▸ PROVIDED RECORDS:
lemma dform_fpow_diagonal_eq_fzero:
  assumes n: "2 \<le> n" and diag: "\<And>j k. j \<noteq> k \<Longrightarrow> h j k = 0"
  shows "dform n (fpow (fundamental_form n h) (cdim n - 1)) = fzero"
proof -
  have vanish: "fpow (fundamental_form n h) (cdim n - 1) I * dmono n I K = 0" for I K
  proof (rule ccontr)
    assume "fpow (fundamental_form n h) (cdim n - 1) I * dmono n I K \<noteq> 0"
    then have pow: "fpow (fundamental_form n h) (cdim n - 1) I \<noteq> 0" and d: "dmono n I K \<noteq> 0"
      by auto
    have I: "conj_closed (cdim n) I" "card I = 2 * (cdim n - 1)"
      using fpow_nonzeroD[OF fundamental_form_diagonal_nonzeroD[OF diag] pow] by auto
    obtain t L where tL: "t \<in> I" "dgen n t L \<noteq> 0" "L \<inter> I \<subseteq> {t}"
      using d by (rule dmono_nonzeroD)
    then obtain a b where ab: "L = {a, b}" "a \<noteq> b" "a < 2 * cdim n" "b < 2 * cdim n"
        "\<not> conj_pair (cdim n) a b" "t \<notin> L"
      using dgen_nonzeroD[OF n] unfolding nonconj_pair_avoiding_def by blast
    then have "a \<notin> I" "b \<notin> I"
      using tL(3) by auto
    then show False
      using conj_pair_outside_conj_closed[OF I] ab(2-5) by blast
  qed
  then show ?thesis
    unfolding dform_def fzero_def by (intro ext sum.neutral) blast
qed

lemma balanced_inv_metric_diagonal:
  assumes "2 \<le> n" "herm_pos_def (cdim n) h" "\<And>j k. j \<noteq> k \<Longrightarrow> h j k = 0"
  shows "balanced_inv_metric n h"
  using assms dform_fpow_diagonal_eq_fzero by (simp add: balanced_inv_metric_def)

definition unit_metric :: "nat \<Rightarrow> nat \<Rightarrow> complex" where
  "unit_metric j k = (if j = k then 1 else 0)"

lemma herm_pos_def_unit_metric: "herm_pos_def N unit_metric"
  unfolding herm_pos_def_def
proof (intro conjI allI impI)
  fix j k
  show "unit_metric k j = cnj (unit_metric j k)"
    by (simp add: unit_metric_def)
next
  fix v :: "nat \<Rightarrow> complex"
  assume "\<exists>j<N. v j \<noteq> 0"
  then obtain j0 where j0: "j0 < N" "v j0 \<noteq> 0"
    by blast
  have "cnj (v j) * unit_metric j k * v k = (if k = j then v j * cnj (v j) else 0)" for j k
    by (simp add: unit_metric_def)
  then have "(\<Sum>j<N. \<Sum>k<N. cnj (v j) * unit_metric j k * v k) = (\<Sum>j<N. of_real ((cmod (v j))\<^sup>2))"
    by (simp only: complex_norm_square) simp
  then have "Re (\<Sum>j<N. \<Sum>k<N. cnj (v j) * unit_metric j k * v k) = (\<Sum>j<N. (cmod (v j))\<^sup>2)"
    by (simp only: Re_sum Re_complex_of_real)
  also have "\<dots> > 0"
    by (rule sum_pos2[where i = j0]) (use j0 in auto)
  finally show "0 < Re (\<Sum>j<N. \<Sum>k<N. cnj (v j) * unit_metric j k * v k)" .
qed

theorem theorem3p3:
  fixes n :: nat
  assumes "2 \<le> n"
  shows "\<exists>h. balanced_inv_metric n h"
proof
  show "balanced_inv_metric n unit_metric"
    using assms herm_pos_def_unit_metric by (rule balanced_inv_metric_diagonal) (simp add: unit_metric_def)
qed

end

▸ ASSIGNMENT:
Retype all of the records so that every line matches the original exactly.

▸ RESULT OF THIS TASK:
lemma dform_fpow_diagonal_eq_fzero:
  assumes n: "2 \<le> n" and diag: "\<And>j k. j \<noteq> k \<Longrightarrow> h j k = 0"
  shows "dform n (fpow (fundamental_form n h) (cdim n - 1)) = fzero"
proof -
  have vanish: "fpow (fundamental_form n h) (cdim n - 1) I * dmono n I K = 0" for I K
  proof (rule ccontr)
    assume "fpow (fundamental_form n h) (cdim n - 1) I * dmono n I K \<noteq> 0"
    then have pow: "fpow (fundamental_form n h) (cdim n - 1) I \<noteq> 0" and d: "dmono n I K \<noteq> 0"
      by auto
    have I: "conj_closed (cdim n) I" "card I = 2 * (cdim n - 1)"
      using fpow_nonzeroD[OF fundamental_form_diagonal_nonzeroD[OF diag] pow] by auto
    obtain t L where tL: "t \<in> I" "dgen n t L \<noteq> 0" "L \<inter> I \<subseteq> {t}"
      using d by (rule dmono_nonzeroD)
    then obtain a b where ab: "L = {a, b}" "a \<noteq> b" "a < 2 * cdim n" "b < 2 * cdim n"
        "\<not> conj_pair (cdim n) a b" "t \<notin> L"
      using dgen_nonzeroD[OF n] unfolding nonconj_pair_avoiding_def by blast
    then have "a \<notin> I" "b \<notin> I"
      using tL(3) by auto
    then show False
      using conj_pair_outside_conj_closed[OF I] ab(2-5) by blast
  qed
  then show ?thesis
    unfolding dform_def fzero_def by (intro ext sum.neutral) blast
qed

lemma balanced_inv_metric_diagonal:
  assumes "2 \<le> n" "herm_pos_def (cdim n) h" "\<And>j k. j \<noteq> k \<Longrightarrow> h j k = 0"
  shows "balanced_inv_metric n h"
  using assms dform_fpow_diagonal_eq_fzero by (simp add: balanced_inv_metric_def)

definition unit_metric :: "nat \<Rightarrow> nat \<Rightarrow> complex" where
  "unit_metric j k = (if j = k then 1 else 0)"

lemma herm_pos_def_unit_metric: "herm_pos_def N unit_metric"
  unfolding herm_pos_def_def
proof (intro conjI allI impI)
  fix j k
  show "unit_metric k j = cnj (unit_metric j k)"
    by (simp add: unit_metric_def)
next
  fix v :: "nat \<Rightarrow> complex"
  assume "\<exists>j<N. v j \<noteq> 0"
  then obtain j0 where j0: "j0 < N" "v j0 \<noteq> 0"
    by blast
  have "cnj (v j) * unit_metric j k * v k = (if k = j then v j * cnj (v j) else 0)" for j k
    by (simp add: unit_metric_def)
  then have "(\<Sum>j<N. \<Sum>k<N. cnj (v j) * unit_metric j k * v k) = (\<Sum>j<N. of_real ((cmod (v j))\<^sup>2))"
    by (simp only: complex_norm_square) simp
  then have "Re (\<Sum>j<N. \<Sum>k<N. cnj (v j) * unit_metric j k * v k) = (\<Sum>j<N. (cmod (v j))\<^sup>2)"
    by (simp only: Re_sum Re_complex_of_real)
  also have "\<dots> > 0"
    by (rule sum_pos2[where i = j0]) (use j0 in auto)
  finally show "0 < Re (\<Sum>j<N. \<Sum>k<N. cnj (v j) * unit_metric j k * v k)" .
qed

theorem theorem3p3:
  fixes n :: nat
  assumes "2 \<le> n"
  shows "\<exists>h. balanced_inv_metric n h"
proof
  show "balanced_inv_metric n unit_metric"
    using assms herm_pos_def_unit_metric by (rule balanced_inv_metric_diagonal) (simp add: unit_metric_def)
qed

end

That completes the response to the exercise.